Broadcast live on BBC Two television and BBC Radio 3, the first night of the Proms is celebrated with a day of live music in Trafalgar Square, culminating in a big screen showing of the Royal Albert Hall concert, which will be available for up to seven days via BBC Two's new broadband site at www.bbc.co.uk/bbctwo. (All BBC Radio 3 programs, including all of the Prom broadcasts, are available live and for listening on demand for the next seven days at the Radio 3 website, www.bbc.co.uk/radio3.)
This year's Proms, the tenth in director Nicholas Kenyon's tenure, run until September 9. The lineup includes anniversary celebrations for Mozart and Shostakovich. Queen Elizabeth will attend her 80th-birthday concert, featuring 250 children singing a special commission by Peter Maxwell Davies and U.K. poet laureate Andrew Motion.
Other anniversaries to be celebrated include Colin Matthews's 60th birthday, Steve Reich's 70th, and the 80th birthdays of Hans Werner Henze and Gy‹rgy Kurtšg.
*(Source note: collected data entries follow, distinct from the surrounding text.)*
lemma prod_list_bivector_pairs:
  fixes x y z :: "'a::comm_monoid_mult"
  assumes g: "\<And>a b. g (a, b) = (if a = 0 \<and> b = 1 then z else if a < 2 then x else y)"
    and "2 \<le> m"
  shows "prod_list (map g (bivector_pairs m)) = z * x ^ (2 * (m - 2)) * y ^ ((m - 2) * (m - 3) div 2)"
  using \<open>2 \<le> m\<close>
proof (induction m rule: nat_induct_at_least)
  case base
  then show ?case
    by (simp add: bivector_pairs_def numeral_2_eq_2 g)
next
  case (Suc m)
  have new: "map (\<lambda>a. g (a, m)) [0..<m] = [x, x] @ replicate (m - 2) y"
  proof -
    have "[0..<m] = [0, 1] @ [2..<m]"
      using Suc.hyps upt_conv_Cons[of 0 m] upt_conv_Cons[of 1 m] by (simp add: numeral_2_eq_2)
    moreover have "map (\<lambda>a. g (a, m)) [2..<m] = map (\<lambda>_. y) [2..<m]"
      using Suc.hyps by (simp add: g)
    ultimately show ?thesis
      using Suc.hyps by (simp add: g map_replicate_const)
  qed
  have y_exp: "(Suc m - 2) * (Suc m - 3) div 2 = (m - 2) * (m - 3) div 2 + (m - 2)"
  proof -
    obtain k where "m = k + 2"
      using Suc.hyps le_Suc_ex by (metis add.commute)
    then show ?thesis
      by (cases k) (simp_all add: algebra_simps)
  qed
  have x_exp: "2 * (Suc m - 2) = 2 * (m - 2) + 2"
    using Suc.hyps by simp
  show ?case
    unfolding bivector_pairs_Suc map_append prod_list.append map_map o_def new Suc.IH x_exp y_exp
      power_add
    by (simp add: mult_ac power2_eq_square)
qed

lemma mat_of_rows_list_carrier: "length rs = n \<Longrightarrow> mat_of_rows_list m rs \<in> carrier_mat n m"
  by (simp add: mat_of_rows_list_def)

lemma mat_of_rows_list_mult:
  assumes "length Y = k"
  shows "mat_of_rows_list k X * mat_of_rows_list m Y =
    mat (length X) m (\<lambda>(i, j). \<Sum>l<k. X ! i ! l * Y ! l ! j)"
  using assms by (intro eq_matI) (auto simp: mat_of_rows_list_def scalar_prod_def atLeast0LessThan)

lemma sum_lessThan_6:
  fixes f :: "nat \<Rightarrow> 'a::comm_monoid_add"
  shows "(\<Sum>k<6. f k) = f 0 + f 1 + f 2 + f 3 + f 4 + f 5"
  by (simp add: numeral_eq_Suc lessThan_Suc add_ac)

lemma char_poly_mat_diag:
  "char_poly (mat_diag (length ev) (\<lambda>i. ev ! i)) = prod_list (map (\<lambda>a. [:-a, 1:]) ev)"
proof -
  have "diag_mat (mat_diag (length ev) (\<lambda>i. ev ! i)) = ev"
    by (rule nth_equalityI) (auto simp: diag_mat_def mat_diag_def)
  moreover have "upper_triangular (mat_diag (length ev) (\<lambda>i. ev ! i))"
    by (auto simp: upper_triangular_def mat_diag_def)
  ultimately show ?thesis
    using char_poly_upper_triangular[OF mat_diag_dim] by metis
qed

text \<open>Three \<open>2\<times>2\<close> blocks \<open>[[a, -b], [b, a]]\<close> on the index pairs \<open>(0, 5)\<close>, \<open>(1, 3)\<close>,
  \<open>(4, 2)\<close>, each with eigenvalues \<open>a \<plusminus> i b\<close>.\<close>

definition rotation_blocks_mat :: "'a::comm_ring_1 \<Rightarrow> 'a \<Rightarrow> 'a \<Rightarrow> 'a \<Rightarrow> 'a mat" where
  "rotation_blocks_mat w g u h = mat_of_rows_list 6
     [[w, 0, 0, 0, 0, -g], [0, u, 0, -h, 0, 0], [0, 0, u, 0, h, 0],
      [0, h, 0, u, 0, 0], [0, 0, -h, 0, u, 0], [g, 0, 0, 0, 0, w]]"

lemma rotation_blocks_mat_similar_diag:
  fixes w g u h :: complex
  defines "ev \<equiv> [w + \<i> * g, u + \<i> * h, u + \<i> * h, w - \<i> * g, u - \<i> * h, u - \<i> * h]"
  shows "similar_mat (rotation_blocks_mat w g u h) (mat_diag 6 (\<lambda>i. ev ! i))"
proof -
  define A where "A = rotation_blocks_mat w g u h"
  define B where "B = mat_diag 6 (\<lambda>i. ev ! i)"
  define P :: "complex mat" where "P = mat_of_rows_list 6
      [[1, 0, 0, 1, 0, 0], [0, 1, 0, 0, 1, 0], [0, 0, 1, 0, 0, 1],
       [0, -\<i>, 0, 0, \<i>, 0], [0, 0, \<i>, 0, 0, -\<i>], [-\<i>, 0, 0, \<i>, 0, 0]]"
  define Q :: "complex mat" where "Q = mat_of_rows_list 6
      [[1/2, 0, 0, 0, 0, \<i>/2], [0, 1/2, 0, \<i>/2, 0, 0], [0, 0, 1/2, 0, -\<i>/2, 0],
       [1/2, 0, 0, 0, 0, -\<i>/2], [0, 1/2, 0, -\<i>/2, 0, 0], [0, 0, 1/2, 0, \<i>/2, 0]]"
  have carrier: "A \<in> carrier_mat 6 6" "B \<in> carrier_mat 6 6" "P \<in> carrier_mat 6 6" "Q \<in> carrier_mat 6 6"
    unfolding A_def rotation_blocks_mat_def B_def P_def Q_def
    by (simp_all add: mat_of_rows_list_carrier)
  have six: "i < 6 \<longleftrightarrow> i = 0 \<or> i = 1 \<or> i = 2 \<or> i = 3 \<or> i = 4 \<or> i = (5::nat)" for i
    by auto
  have PQ: "P * Q = 1\<^sub>m 6" and QP: "Q * P = 1\<^sub>m 6"
    unfolding P_def Q_def
    by (simp_all only: mat_of_rows_list_mult list.size) (auto intro!: eq_matI simp: six sum_lessThan_6)
  have "A * P = P * B"
    unfolding B_def mat_diag_mult_right[OF carrier(3)] unfolding A_def rotation_blocks_mat_def P_def
    by (simp only: mat_of_rows_list_mult list.size)
      (auto intro!: eq_matI simp: six sum_lessThan_6 algebra_simps ev_def mat_of_rows_list_def)
  then have "A = P * B * Q"
    using carrier PQ by (metis assoc_mult_mat right_mult_one_mat mult_carrier_mat)
  then have "similar_mat_wit A B P Q"
    unfolding similar_mat_wit_def Let_def carrier_matD(1)[OF carrier(1)]
    using carrier PQ QP by blast
  then show ?thesis
    unfolding similar_mat_def A_def B_def by blast
qed

lemma char_poly_rotation_blocks_mat:
  fixes w g u h :: complex
  shows "char_poly (rotation_blocks_mat w g u h) =
    [:-(w + \<i> * g), 1:] * [:-(u + \<i> * h), 1:] ^ 2 * [:-(w - \<i> * g), 1:] * [:-(u - \<i> * h), 1:] ^ 2"
proof -
  let ?ev = "[w + \<i> * g, u + \<i> * h, u + \<i> * h, w - \<i> * g, u - \<i> * h, u - \<i> * h]"
  have len: "length ?ev = 6"
    by simp
  have "char_poly (rotation_blocks_mat w g u h) = char_poly (mat_diag (length ?ev) (\<lambda>i. ?ev ! i))"
    unfolding len by (rule char_poly_similar[OF rotation_blocks_mat_similar_diag])
  also have "\<dots> = prod_list (map (\<lambda>a. [:-a, 1:]) ?ev)"
    by (rule char_poly_mat_diag)
  finally show ?thesis
    unfolding list.map prod_list.Cons prod_list.Nil power2_eq_square mult_1_right
    by (simp only: mult_ac)
qed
The 200th anniversary of Haydn's death and the 150th anniversary of Schumann's death will also be honored.
The 2006 Proms will also see the U.K. premieres of works by Osvaldo Golijov, H. K. Gruber, Magnus Lindberg, Dai Fujikura and Benjamin Wallfisch. BBC commissions include works from British composers Julian Anderson, George Benjamin, James Dillon, Mark-Anthony Turnage and Ian Wilson.